Re: [PATCH v3 4/9] xfs: convert delayed extents to unwritten when zeroing post eof blocks

From: Darrick J. Wong
Date: Tue Mar 19 2024 - 17:00:29 EST


On Tue, Mar 19, 2024 at 09:10:57AM +0800, Zhang Yi wrote:
> From: Zhang Yi <yi.zhang@xxxxxxxxxx>
>
> Current clone operation could be non-atomic if the destination of a file
> is beyond EOF, user could get a file with corrupted (zeroed) data on
> crash.
>
> The problem is about to pre-alloctions. If you write some data into a

"...is about preallocations."

> file [A, B) (the position letters are increased one by one), and xfs

I think it would help with understandability if you'd pasted the ascii
art from the previous thread(s) into this commit message:

"The problem is about preallocations. If you write some data into a
file:

[A...B)

and XFS decides to preallocate some post-eof blocks, then it can create
a delayed allocation reservation:

[A.........D)

The writeback path tries to convert delayed extents to real ones by
allocating blocks. If there aren't enough contiguous free space, we can
end up with two extents, the first real and the second still delalloc:

[A....C)[C.D)

After that, both the in-memory and the on-disk file sizes are still B.
If we clone into the range [E...F) from another file:

[A....C)[C.D) [E...F)

then xfs_reflink_zero_posteof calls iomap_zero_range to zero out the
range [B, E) beyond EOF and flush it.
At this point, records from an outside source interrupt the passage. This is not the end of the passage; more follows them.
(* The following problem is undecidable: given a finite signature $\Sigma$ and a finite set $E$ of equations between $\Sigma$-terms, decide whether the monad $T$ on $\mathbf{Set}$ presented by $(\Sigma,E)$ is affine, i.e. whether $T1$ is a one-element set.
   Context: The monad presented by $(\Sigma,E)$ is the free-algebra monad: $TX$ is the carrier of the free $\Sigma$-algebra satisfying $E$ generated by $X$ (terms over $X$ modulo the congruence generated by substitution instances of $E$), $Tf$ substitutes $f(x)$ for $x$, $\eta$ sends a variable to itself, and $\mu$ flattens terms of terms. A monad is affine if $T1$ is terminal, i.e. a one-element set. *)

theory Defs
  imports Main "HOL-Library.Nat_Bijection"
begin

datatype recf = Zero | Succ | Proj nat | Comp recf "recf list"
  | PrimRec recf recf | Mu recf

inductive ev :: "recf \<Rightarrow> nat list \<Rightarrow> nat \<Rightarrow> bool" where
  ev_zero: "ev Zero xs 0"
| ev_succ: "ev Succ (x # xs) (Suc x)"
| ev_proj: "i < length xs \<Longrightarrow> ev (Proj i) xs (xs ! i)"
| ev_comp: "list_all2 (\<lambda>g y. ev g xs y) gs ys \<Longrightarrow> ev f ys z \<Longrightarrow> ev (Comp f gs) xs z"
| ev_prim0: "ev f xs z \<Longrightarrow> ev (PrimRec f g) (0 # xs) z"
| ev_primS: "ev (PrimRec f g) (n # xs) y \<Longrightarrow> ev g (y # n # xs) z \<Longrightarrow>
    ev (PrimRec f g) (Suc n # xs) z"
| ev_mu: "ev f (n # xs) 0 \<Longrightarrow> (\<forall>m<n. \<exists>y. y > 0 \<and> ev f (m # xs) y) \<Longrightarrow>
    ev (Mu f) xs n"

text \<open>Function symbols are natural numbers; a finite signature is a list of
arities: symbol f exists iff f < length sig, with arity sig ! f.\<close>
datatype 'v trm = Var 'v | App nat "'v trm list"

fun wf_trm :: "nat list \<Rightarrow> 'v trm \<Rightarrow> bool" where
  "wf_trm sig (Var v) = True"
| "wf_trm sig (App f ts) = (f < length sig \<and> length ts = sig ! f \<and> (\<forall>t\<in>set ts. wf_trm sig t))"

primrec subst :: "('v \<Rightarrow> 'w trm) \<Rightarrow> 'v trm \<Rightarrow> 'w trm" where
  "subst \<sigma> (Var v) = \<sigma> v"
| "subst \<sigma> (App f ts) = App f (map (subst \<sigma>) ts)"

inductive eqv :: "nat list \<Rightarrow> (nat trm \<times> nat trm) list \<Rightarrow> 'x trm \<Rightarrow> 'x trm \<Rightarrow> bool"
  for sig E where
  eqv_refl: "wf_trm sig t \<Longrightarrow> eqv sig E t t"
| eqv_sym: "eqv sig E s t \<Longrightarrow> eqv sig E t s"
| eqv_trans: "eqv sig E s t \<Longrightarrow> eqv sig E t u \<Longrightarrow> eqv sig E s u"
| eqv_cong: "f < length sig \<Longrightarrow> length ts = sig ! f \<Longrightarrow> list_all2 (eqv sig E) ts us \<Longrightarrow>
    eqv sig E (App f ts) (App f us)"
| eqv_ax: "(l, r) \<in> set E \<Longrightarrow> (\<forall>v. wf_trm sig (\<sigma> v)) \<Longrightarrow>
    eqv sig E (subst \<sigma> l) (subst \<sigma> r)"

text \<open>Carrier of TX: well-formed terms over X modulo the congruence.\<close>
definition T_carrier :: "nat list \<Rightarrow> (nat trm \<times> nat trm) list \<Rightarrow> 'x trm set set" where
  "T_carrier sig E = {t. wf_trm sig t} // {(s, t). eqv sig E s t}"

text \<open>Affine: T1 is a one-element set (1 = unit).\<close>
definition affine :: "nat list \<Rightarrow> (nat trm \<times> nat trm) list \<Rightarrow> bool" where
  "affine sig E \<longleftrightarrow> (\<exists>c. (T_carrier sig E :: unit trm set set) = {c})"

definition valid_instance :: "nat list \<Rightarrow> (nat trm \<times> nat trm) list \<Rightarrow> bool" where
  "valid_instance sig E \<longleftrightarrow> (\<forall>(l, r) \<in> set E. wf_trm sig l \<and> wf_trm sig r)"

fun enc_trm :: "nat trm \<Rightarrow> nat" where
  "enc_trm (Var v) = prod_encode (0, v)"
| "enc_trm (App f ts) = prod_encode (Suc f, list_encode (map enc_trm ts))"

definition enc_instance :: "nat list \<Rightarrow> (nat trm \<times> nat trm) list \<Rightarrow> nat" where
  "enc_instance sig E = prod_encode (list_encode sig,
     list_encode (map (\<lambda>(l, r). prod_encode (enc_trm l, enc_trm r)) E))"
Since [C, D) is still a delalloc
extent, its pagecache will be zeroed and both the in-memory and on-disk
size will be updated to D after flushing but before cloning. This is
wrong, because the user can see the size change and read the zeroes
while the clone operation is ongoing."

> could pre-allocate some blocks, then we get a delayed extent [A, D).
> Then the writeback path allocate blocks and convert this delayed extent
> [A, C) since lack of enough contiguous physical blocks, so the extent
> [C, D) is still delayed. After that, both the in-memory and the on-disk
> file size are B. If we clone file range into [E, F) from another file,
> xfs_reflink_zero_posteof() would call iomap_zero_range() to zero out the
> range [B, E) beyond EOF and flush range. Since [C, D) is still a delayed
> extent, it will be zeroed and the file's in-memory && on-disk size will
> be updated to D after flushing and before doing the clone operation.
> This is wrong, because user can user can see the size change and read
> zeros in the middle of the clone operation.
>
> We need to keep the in-memory and on-disk size before the clone
> operation starts, so instead of writing zeroes through the page cache
> for delayed ranges beyond EOF, we convert these ranges to unwritten and
> invalidating any cached data over that range beyond EOF.

"...and invalidate any cached data..."

> Suggested-by: Dave Chinner <david@xxxxxxxxxxxxx>
> Signed-off-by: Zhang Yi <yi.zhang@xxxxxxxxxx>
> Reviewed-by: Christoph Hellwig <hch@xxxxxx>
> ---
> fs/xfs/xfs_iomap.c | 29 +++++++++++++++++++++++++++++
> 1 file changed, 29 insertions(+)
>
> diff --git a/fs/xfs/xfs_iomap.c b/fs/xfs/xfs_iomap.c
> index ccf83e72d8ca..1a6d05830433 100644
> --- a/fs/xfs/xfs_iomap.c
> +++ b/fs/xfs/xfs_iomap.c
> @@ -1035,6 +1035,24 @@ xfs_buffered_write_iomap_begin(
> }
>
> if (imap.br_startoff <= offset_fsb) {
> + /*
> + * For zeroing out delayed allocation extent, we trim it if
> + * it's partial beyonds EOF block, or convert it to unwritten
> + * extent if it's all beyonds EOF block.

"Trim a delalloc extent that extends beyond the EOF block. If it starts
beyond the EOF block, convert it to an unwritten extent."

> + */
> + if ((flags & IOMAP_ZERO) &&
> + isnullstartblock(imap.br_startblock)) {
> + xfs_fileoff_t eof_fsb = XFS_B_TO_FSB(mp, XFS_ISIZE(ip));
> +
> + if (offset_fsb >= eof_fsb)
> + goto convert_delay;
> + if (end_fsb > eof_fsb) {
> + end_fsb = eof_fsb;
> + xfs_trim_extent(&imap, offset_fsb,
> + end_fsb - offset_fsb);
> + }
> + }
> +
> /*
> * For reflink files we may need a delalloc reservation when
> * overwriting shared extents. This includes zeroing of
> @@ -1158,6 +1176,17 @@ xfs_buffered_write_iomap_begin(
> xfs_iunlock(ip, lockmode);
> return xfs_bmbt_to_iomap(ip, iomap, &imap, flags, 0, seq);
>
> +convert_delay:
> + xfs_iunlock(ip, lockmode);
> + truncate_pagecache(inode, offset);
> + error = xfs_bmapi_convert_delalloc(ip, XFS_DATA_FORK, offset,
> + iomap, NULL);

Either indent this two tabs (XFS style), or make the second line of
arguments line up with the start of the arguments on the first line
(kernel style).

With those improvements applied,
Reviewed-by: Darrick J. Wong <djwong@xxxxxxxxxx>

--D

> + if (error)
> + return error;
> +
> + trace_xfs_iomap_alloc(ip, offset, count, XFS_DATA_FORK, &imap);
> + return 0;
> +
> found_cow:
> seq = xfs_iomap_inode_sequence(ip, 0);
> if (imap.br_startoff <= offset_fsb) {
> --
> 2.39.2
>
>